A browser app picks a backend (WASM or WebGPU), trains in a Web Worker so the page never freezes, samples from the model, and checkpoints to OPFS so a run survives a refresh.

Engineering decisions

The principle throughout: every layer had to be testable before it was trusted. Each kernel has a finite-difference gradient check against a reference implementation; each model has an “overfit gate” — train on a single batch, the cross-entropy loss must collapse to near-zero or the build doesn’t ship. That one property is what made writing a hand-derived WebGPU backward pass tractable. Bugs were caught at the layer they lived in, not three layers later as a mystery in the loss curve.

The three implementations were built in that order on purpose: the PyTorch reference exists so the C++ has something to be wrong against; the C++ overfit gate exists so the WebGPU does too. Each level pins the next. The WebGPU training port itself went in as six staged pull requests — GPU tensors and matmul, the elementwise ops, attention, embeddings + cross-entropy + AdamW, the orchestrator, the app integration — each parity-checked against WASM before the next began. When everything is verifiable, the diffs stay small and the bugs stay local.

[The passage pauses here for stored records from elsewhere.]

lemma tri_dist_le_sup_dist:
  assumes st: "0 \<le> s" "s \<le> u" "u \<le> t" "t \<le> 1"
  shows "tri_dist (\<gamma> s) (\<gamma> u) (\<gamma> t) (\<gamma>' s) (\<gamma>' u) (\<gamma>' t)
    \<le> 1764 * (deriv_sup \<gamma> + deriv_sup \<gamma>') * (t - s) * tsup_dist \<gamma> \<gamma>'"
proof -
  let ?D = "tsup_dist \<gamma> \<gamma>'" and ?T = "tri_dist (\<gamma> s) (\<gamma> u) (\<gamma> t) (\<gamma>' s) (\<gamma>' u) (\<gamma>' t)"
  let ?L = "min (deriv_sup \<gamma> * (t - s)) (1/2)" and ?L' = "min (deriv_sup \<gamma>' * (t - s)) (1/2)"
  have sides: "\<forall>x\<in>{\<gamma> s, \<gamma> u, \<gamma> t}. \<forall>y\<in>{\<gamma> s, \<gamma> u, \<gamma> t}. norm (x - y) \<le> ?L"
    "\<forall>x\<in>{\<gamma>' s, \<gamma>' u, \<gamma>' t}. \<forall>y\<in>{\<gamma>' s, \<gamma>' u, \<gamma>' t}. norm (x - y) \<le> ?L'"
    using C1_Hol_triangle_sides_le[OF C1(1) \<beta> diam(1) st] C1_Hol_triangle_sides_le[OF C1(2) \<beta> diam(2) st] .
  have D0: "0 \<le> ?D"
    by (rule tsup_dist_nonneg)
  have L0: "0 \<le> ?L" "0 \<le> ?L'"
    using bspec[OF bspec[OF sides(1)], of "\<gamma> s" "\<gamma> s"] bspec[OF bspec[OF sides(2)], of "\<gamma>' s" "\<gamma>' s"]
    by simp_all
  have "?T \<le> 882 * ((?L + ?L') * (2 * ?D))"
  proof (cases "?D < 1/4")
    case True
    obtain k where k: "\<forall>i. k$i \<in> \<int>" "\<And>x. x \<in> {0..1} \<Longrightarrow> norm (\<gamma>' x + k - \<gamma> x) \<le> 2 * ?D"
      using common_lattice_shift[OF C1_Hol_continuous_on[OF C1(1)] C1_Hol_continuous_on[OF C1(2)]] True
      by auto
    have "?T \<le> 882 * (?L + ?L') * (2 * ?D)"
      using st True by (intro tri_dist_le_lattice_displacement[OF k(1) k(2) k(2) k(2) _ sides(1) _ sides(2)])
        simp_all
    then show ?thesis
      by (simp only: mult.assoc)
  next
    case False
    then have "?L * ?L \<le> ?L * (2 * ?D)" "?L' * ?L' \<le> ?L' * (2 * ?D)"
      using L0 by (intro mult_left_mono; simp)+
    then have sum: "?L * ?L + ?L' * ?L' \<le> (?L + ?L') * (2 * ?D)"
      unfolding distrib_right by (rule add_mono)
    have "?T \<le> 49/2 * (?L * ?L + ?L' * ?L')"
      by (rule tri_dist_le_sides[OF sides(1) _ sides(2)]) (simp_all add: min_le_iff_disj)
    then have "?T \<le> 49/2 * ((?L + ?L') * (2 * ?D))"
      using sum by (rule order_trans[OF _ mult_left_mono]) simp
    also have "\<dots> \<le> 882 * ((?L + ?L') * (2 * ?D))"
      using L0 D0 by (intro mult_right_mono) simp_all
    finally show ?thesis .
  qed
  also have "\<dots> = 1764 * ((?L + ?L') * ?D)"
    by simp
  also have "\<dots> \<le> 1764 * ((deriv_sup \<gamma> + deriv_sup \<gamma>') * (t - s) * ?D)"
    using D0 by (intro mult_left_mono mult_right_mono) (simp_all add: algebra_simps add_mono)
  finally show ?thesis
    by (simp only: mult.assoc)
qed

One note on honesty. An earlier write-up of mine documented WebGPU training as ~2× slower than WASM based on automated measurements; I later discovered the headless CI was using swiftshader, a software WebGPU adapter, so the comparison was software-WebGPU racing SIMD-WASM — not a valid GPU number. The doc was corrected, the claim withdrawn, and the real-hardware speed left explicitly unmeasured. The project’s whole method was “verify before claiming”; that was a miss against it, fixed in the open.

Outcome

A complete transformer that runs in a browser tab — ~0.8M params, byte-level, trains from scratch, generates samples, survives a refresh. The overfit gate sits at cross-entropy 5.55 → 0.002. The SIMD WASM build trains at ~1.6× the scalar speed. The WebGPU training loop is correct end to end (24/24 kernels parity-checked, the GPU overfit gate passes); the real-hardware speedup is for whoever opens the playground on a real GPU to read off — which is, honestly, the right way to state an unmeasured number.

The model itself is too small to write coherent prose and is meant to be. The point of the project was the learning trail behind it kept visible — the write-ups, the staged PRs, every layer’s test. That part worked.